Kimchi is a Keeper…Korean favorite now mainstream
Kimchi, a Korean staple, now gone mainstream – well maybe, but I’ve been HOT for it since the first time I tried it years ago. I’m just crazy about that spicy hot Fermented Napa!
While Kimchi can be made out of many different vegetables, and is in its native land, my all-time favorite is Napa cabbage with carrots, scallions, and all the heat and flavor expected in this traditional national dish. The making of Kimchi is a pickling technique that has definitely been embraced by fermenters and those interested in probiotics as well as those interested in Korean food.
Korea’s traditional method of fermenting Kimchi is underground in crocks, where it is stored for months acquiring its unique flavor. There are hundreds and hundreds of versions…my preference is still the Napa. Some people like turnips or cucumbers – you can actually use any vegetable of your choice. Different areas of Korea will have different combinations and ingredients.
I do not bury my Kimchi underground, nor do I let it go for months.
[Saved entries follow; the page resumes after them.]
(* Let $\lambda,\mu$ be weights. If $\mu\subset\lambda$ then $\mu\le\lambda$ in the Bruhat order. Moreover: (i) if $a\lambda$ is an oriented cup diagram then $a=\underline\alpha$ for a unique weight $\alpha$ with $\alpha\subset\lambda$; (ii) if $\lambda b$ is an oriented cap diagram then $b=\overline\beta$ for a unique weight $\beta$ with $\lambda\supset\beta$; (iii) if $a\lambda b$ is an oriented circle diagram then $a=\underline\alpha$ and $b=\overline\beta$ for unique weights $\alpha,\beta$ with $\alpha\subset\lambda\supset\beta$.
   Context: A number line carries vertices indexed by consecutive integers. A weight labels each vertex by $\circ,\times,\vee,\wedge$ such that outside a finite set no $\vee$ is left of an $\wedge$. The Bruhat order $\le$ is generated by declaring that interchanging a $\vee$ with an $\wedge$ to its right makes a weight bigger. $\lambda\sim\mu$ if $\mu$ is obtained from $\lambda$ by permuting $\vee$'s and $\wedge$'s. A cup diagram consists of finitely many non-crossing cups joining pairs of vertices and rays down to infinity; cap diagrams similarly with caps and upward rays; $c^*$ is the mirror image. $c\lambda$ is an oriented cup diagram if free vertices are labelled $\circ/\times$, each cup has one $\vee$ and one $\wedge$ end, ray vertices are $\vee/\wedge$, and no two rays are labelled $\vee,\wedge$ in that order left to right; $\lambda c$ for a cap diagram is oriented if $c^*\lambda$ is. Degree: number of clockwise cups/caps (left end labelled $\wedge$). An oriented circle diagram $a\lambda b$ has $a\lambda$, $\lambda b$ oriented. $\underline\lambda$ is the unique cup diagram with $\underline\lambda\lambda$ oriented of degree $0$; $\overline\lambda=(\underline\lambda)^*$. $\mu\subset\lambda$ (also written $\lambda\supset\mu$) means $\mu\sim\lambda$ and $\underline\mu\lambda$ is an oriented cup diagram. *)

theory Defs
  imports Main
begin

text \<open>Vertex labels: Circ = circle, Cross = cross, Down = vee, Up = wedge.
  The number line is the set of all integers.\<close>
datatype vlabel = Circ | Cross | Down | Up

type_synonym wt = "int \<Rightarrow> vlabel"

definition weight :: "wt \<Rightarrow> bool" where
  "weight l \<longleftrightarrow> (\<exists>F. finite F \<and>
     (\<forall>i j. i \<notin> F \<longrightarrow> j \<notin> F \<longrightarrow> i < j \<longrightarrow> \<not> (l i = Down \<and> l j = Up)))"

definition bruhat_step :: "wt \<Rightarrow> wt \<Rightarrow> bool" where
  "bruhat_step l l' \<longleftrightarrow> (\<exists>i j. i < j \<and> l i = Down \<and> l j = Up \<and> l' = l(i := Up, j := Down))"

definition bruhat_le :: "wt \<Rightarrow> wt \<Rightarrow> bool" where
  "bruhat_le m l \<longleftrightarrow> bruhat_step\<^sup>*\<^sup>* m l"

definition wsim :: "wt \<Rightarrow> wt \<Rightarrow> bool" where
  "wsim l m \<longleftrightarrow> (\<exists>\<sigma>::int \<Rightarrow> int. bij \<sigma> \<and> finite {i. \<sigma> i \<noteq> i} \<and>
     (\<forall>i. \<sigma> i \<noteq> i \<longrightarrow> l i \<in> {Down, Up}) \<and> m = l \<circ> \<sigma>)"

datatype cupdiag = CupD (cups: "(int \<times> int) set") (rays: "int set")
datatype capdiag = CapD (caps: "(int \<times> int) set") (uprays: "int set")

definition endpoints :: "(int \<times> int) set \<Rightarrow> int set" where
  "endpoints C = fst ` C \<union> snd ` C"

definition is_cup_diagram :: "cupdiag \<Rightarrow> bool" where
  "is_cup_diagram c \<longleftrightarrow>
     finite (cups c) \<and>
     (\<forall>(i,j)\<in>cups c. i < j) \<and>
     (\<forall>(i,j)\<in>cups c. \<forall>(k,l)\<in>cups c. {i,j} \<inter> {k,l} \<noteq> {} \<longrightarrow> (i,j) = (k,l)) \<and>
     (\<forall>(i,j)\<in>cups c. \<forall>(k,l)\<in>cups c. i < k \<and> k < j \<longrightarrow> l < j) \<and>
     rays c \<inter> endpoints (cups c) = {} \<and>
     (\<forall>(i,j)\<in>cups c. \<forall>k\<in>rays c. \<not> (i < k \<and> k < j))"

definition cap_mirror :: "capdiag \<Rightarrow> cupdiag" where
  "cap_mirror b = CupD (caps b) (uprays b)"

definition cup_mirror :: "cupdiag \<Rightarrow> capdiag" where
  "cup_mirror a = CapD (cups a) (rays a)"

definition is_cap_diagram :: "capdiag \<Rightarrow> bool" where
  "is_cap_diagram b \<longleftrightarrow> is_cup_diagram (cap_mirror b)"

definition oriented_cup :: "cupdiag \<Rightarrow> wt \<Rightarrow> bool" where
  "oriented_cup c l \<longleftrightarrow>
     (\<forall>i. i \<notin> endpoints (cups c) \<and> i \<notin> rays c \<longrightarrow> l i \<in> {Circ, Cross}) \<and>
     (\<forall>(i,j)\<in>cups c. (l i = Down \<and> l j = Up) \<or> (l i = Up \<and> l j = Down)) \<and>
     (\<forall>i\<in>rays c. l i \<in> {Down, Up}) \<and>
     (\<forall>i\<in>rays c. \<forall>j\<in>rays c. i < j \<longrightarrow> \<not> (l i = Down \<and> l j = Up))"

definition oriented_cap :: "wt \<Rightarrow> capdiag \<Rightarrow> bool" where
  "oriented_cap l b \<longleftrightarrow> oriented_cup (cap_mirror b) l"

text \<open>Degree: number of clockwise cups (left end labelled wedge).\<close>
definition cup_degree :: "cupdiag \<Rightarrow> wt \<Rightarrow> nat" where
  "cup_degree c l = card {(i,j). (i,j) \<in> cups c \<and> l i = Up}"

definition underline :: "wt \<Rightarrow> cupdiag" where
  "underline l = (THE c. is_cup_diagram c \<and> oriented_cup c l \<and> cup_degree c l = 0)"

definition overline :: "wt \<Rightarrow> capdiag" where
  "overline l = cup_mirror (underline l)"

definition wsub :: "wt \<Rightarrow> wt \<Rightarrow> bool" where
  "wsub m l \<longleftrightarrow> wsim m l \<and> oriented_cup (underline m) l"

end

theory Submission
  imports Defs "HOL-Combinatorics.Permutations"
begin

text \<open>
  Read a weight as a walk on the number line that steps up at each vee and down at each wedge.
  In an oriented cup diagram of degree 0 every cup is anticlockwise (vee on the left), and the
  height measured from the left end of a cup stays positive until the cup closes, where it is 0;
  this pins down the cups of the cup diagram as the first-return pairs of the walk, and the rays
  as the remaining vees and wedges, so the cup diagram is unique.

  If two weights obtained from each other by permuting vees and wedges orient the same cup
  diagram, they have the same height over a long interval, and that height only counts rays.
  Since rays are labelled by wedges followed by vees, the two weights agree on all rays, hence
  off the cups. So a weight \<open>l\<close> with \<open>m \<subset> l\<close> arises from \<open>m\<close> by reversing some anticlockwise cups
  of the underline of \<open>m\<close>, each reversal being a Bruhat step; and for a cup diagram \<open>a\<close> oriented
  by \<open>l\<close>, the weight \<open>\<alpha>\<close> is obtained from \<open>l\<close> by making every cup of \<open>a\<close> anticlockwise.
\<close>

section \<open>Heights\<close>

fun vsign :: "vlabel \<Rightarrow> int" where
  "vsign Down = 1" | "vsign Up = -1" | "vsign Circ = 0" | "vsign Cross = 0"

definition height :: "wt \<Rightarrow> int \<Rightarrow> int \<Rightarrow> int" where
  "height l p q = (\<Sum>k\<in>{p..q}. vsign (l k))"

lemma vsign_bounds: "-1 \<le> vsign x \<and> vsign x \<le> 1"
  by (cases x) auto

lemma vsign_ge_1D: "vsign x \<ge> 1 \<Longrightarrow> x = Down"
  by (cases x) auto

lemma vsign_le_neg1D: "vsign x \<le> -1 \<Longrightarrow> x = Up"
  by (cases x) auto

lemma height_single: "height l p p = vsign (l p)"
  by (simp add: height_def)

lemma height_split:
  assumes "p - 1 \<le> m" "m \<le> q"
  shows "height l p q = height l p m + height l (m + 1) q"
proof -
  have "{p..q} = {p..m} \<union> {m+1..q}" "{p..m} \<inter> {m+1..q} = {}"
    using assms by auto
  then show ?thesis
    unfolding height_def by (simp add: sum.union_disjoint)
qed

lemma height_snoc: "p \<le> q \<Longrightarrow> height l p q = height l p (q - 1) + vsign (l q)"
  using height_split[of p "q - 1" q l] by (simp add: height_single)

lemma height_cons: "p \<le> q \<Longrightarrow> height l p q = vsign (l p) + height l (p + 1) q"
  using height_split[of p p q l] by (simp add: height_single)

lemma is_cup_diagramD:
  assumes "is_cup_diagram c"
  shows "finite (cups c)"
    and "\<forall>(i, j)\<in>cups c. i < j"
    and "\<forall>(i, j)\<in>cups c. \<forall>(k, q)\<in>cups c. {i, j} \<inter> {k, q} \<noteq> {} \<longrightarrow> (i, j) = (k, q)"
    and "\<forall>(i, j)\<in>cups c. \<forall>(k, q)\<in>cups c. i < k \<and> k < j \<longrightarrow> q < j"
    and "rays c \<inter> endpoints (cups c) = {}"
    and "\<forall>(i, j)\<in>cups c. \<forall>x\<in>rays c. \<not> (i < x \<and> x < j)"
  using assms unfolding is_cup_diagram_def by simp_all

lemma cup_diagram_finite: "is_cup_diagram c \<Longrightarrow> finite (cups c)"
  by (rule is_cup_diagramD(1))

lemma cup_diagram_lt: "is_cup_diagram c \<Longrightarrow> (i, j) \<in> cups c \<Longrightarrow> i < j"
  using is_cup_diagramD(2) by fast

lemma cup_diagram_disjoint:
  "is_cup_diagram c \<Longrightarrow> (i, j) \<in> cups c \<Longrightarrow> (k, q) \<in> cups c \<Longrightarrow> {i, j} \<inter> {k, q} \<noteq> {} \<Longrightarrow>
    i = k \<and> j = q"
  using is_cup_diagramD(3) by fast

lemma cup_diagram_nested:
  "is_cup_diagram c \<Longrightarrow> (i, j) \<in> cups c \<Longrightarrow> (k, q) \<in> cups c \<Longrightarrow> i < k \<Longrightarrow> k < j \<Longrightarrow> q < j"
  using is_cup_diagramD(4) by fast

lemma cup_diagram_ray_not_endpoint: "is_cup_diagram c \<Longrightarrow> x \<in> rays c \<Longrightarrow> x \<notin> endpoints (cups c)"
  using is_cup_diagramD(5) by fast

lemma cup_diagram_ray_not_under_cup:
  "is_cup_diagram c \<Longrightarrow> (i, j) \<in> cups c \<Longrightarrow> x \<in> rays c \<Longrightarrow> i < x \<Longrightarrow> x < j \<Longrightarrow> False"
  using is_cup_diagramD(6) by fast

lemma oriented_cupD:
  assumes "oriented_cup c g"
  shows "\<forall>x. x \<notin> endpoints (cups c) \<and> x \<notin> rays c \<longrightarrow> g x \<in> {Circ, Cross}"
    and "\<forall>(i, j)\<in>cups c. (g i = Down \<and> g j = Up) \<or> (g i = Up \<and> g j = Down)"
    and "\<forall>x\<in>rays c. g x \<in> {Down, Up}"
    and "\<forall>x\<in>rays c. \<forall>y\<in>rays c. x < y \<longrightarrow> \<not> (g x = Down \<and> g y = Up)"
  using assms unfolding oriented_cup_def by simp_all

lemma oriented_cup_free:
  "oriented_cup c g \<Longrightarrow> x \<notin> endpoints (cups c) \<Longrightarrow> x \<notin> rays c \<Longrightarrow> g x \<in> {Circ, Cross}"
  using oriented_cupD(1) by blast

lemma oriented_cup_ends:
  "oriented_cup c g \<Longrightarrow> (i, j) \<in> cups c \<Longrightarrow> (g i = Down \<and> g j = Up) \<or> (g i = Up \<and> g j = Down)"
  using oriented_cupD(2) by fast

lemma oriented_cup_ray: "oriented_cup c g \<Longrightarrow> x \<in> rays c \<Longrightarrow> g x \<in> {Down, Up}"
  using oriented_cupD(3) by blast

lemma oriented_cup_rays_order:
  "oriented_cup c g \<Longrightarrow> x \<in> rays c \<Longrightarrow> y \<in> rays c \<Longrightarrow> x < y \<Longrightarrow> g x = Down \<Longrightarrow> g y \<noteq> Up"
  using oriented_cupD(4) by blast

definition clockwise_cups :: "cupdiag \<Rightarrow> wt \<Rightarrow> (int \<times> int) set" where
  "clockwise_cups c l = {(i, j). (i, j) \<in> cups c \<and> l i = Up}"

lemma clockwise_cups_subset: "clockwise_cups c l \<subseteq> cups c"
  unfolding clockwise_cups_def by auto

lemma cup_degree_eq_card_clockwise: "cup_degree c l = card (clockwise_cups c l)"
  unfolding cup_degree_def clockwise_cups_def ..

lemma cup_degree_eq_0_iff:
  assumes "is_cup_diagram c"
  shows "cup_degree c l = 0 \<longleftrightarrow> clockwise_cups c l = {}"
proof -
  have "finite (clockwise_cups c l)"
    using cup_diagram_finite[OF assms] unfolding clockwise_cups_def
    by (rule finite_subset[rotated]) auto
  then show ?thesis
    unfolding cup_degree_eq_card_clockwise by simp
qed

lemma cup_degree_0_anticlockwise:
  assumes "is_cup_diagram c" "oriented_cup c l" "cup_degree c l = 0" "(i, j) \<in> cups c"
  shows "l i = Down \<and> l j = Up"
proof -
  have "(i, j) \<notin> clockwise_cups c l"
    using assms(1,3) cup_degree_eq_0_iff by blast
  then show ?thesis
    using oriented_cup_ends[OF assms(2,4)] assms(4) unfolding clockwise_cups_def by auto
qed

lemma cup_diagram_right_unique:
  "is_cup_diagram c \<Longrightarrow> (i, j) \<in> cups c \<Longrightarrow> (i, q) \<in> cups c \<Longrightarrow> j = q"
  using cup_diagram_disjoint by blast

lemma cup_diagram_left_unique:
  "is_cup_diagram c \<Longrightarrow> (i, j) \<in> cups c \<Longrightarrow> (k, j) \<in> cups c \<Longrightarrow> i = k"
  using cup_diagram_disjoint by blast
My Kimchi ferments in an Asian crock for about 3 days on my dinning room table – quick and easy, and loaded with heat.
Korean people eat Kimchi at any of their meals – breakfast, lunch or dinner. I could eat Kimchi everyday – and probably at every meal. I try to keep it mostly probiotic by not heating it. There are other times, I love it in my Omelets, on top of Fried Rice, or mixed with meat and blended into Meat Balls (that I call Seoul Spheres).
If making this spicy dish – feel free to adjust the heat to your own taste. Try several versions and see what you prefer. There is no right and wrong – it’s about finding your own version.
Spicy hot and delicious!
4 medium-sized heads of Napa Cabbage, core removed, rinsed well, cut
1/2 cup kosher salt or fine sea salt
1 tube ginger paste or 2 Tablespoons finely chopped fresh ginger
(previously peeled and cut)
1 cup dehydrated garlic (slices) or fresh (previously peeled, trimmed and
1 cup red pepper flakes
1 cup red pepper powder (Korean)
8 carrots, peeled trimmed and hand shredded
1 1/2 cups finely chopped chives (previously rinsed and trimmed)
3/4 cup fish sauce
In a giant sized-bowl, place cabbage, salt, ginger paste, garlic, pepper flakes, pepper powder, shredded carrots, chives, and fish sauce.
Mix well with hands until all ingredients are well mixed.
Transfer the ingredients to a brown Asian Crock (or crock of your choice) – Press down and lay weights on top. Cover the crock.
Make sure after two hours the liquid is over the weights.
Let sit for three days – decrock!! Refrigerate once it is removed from the crock.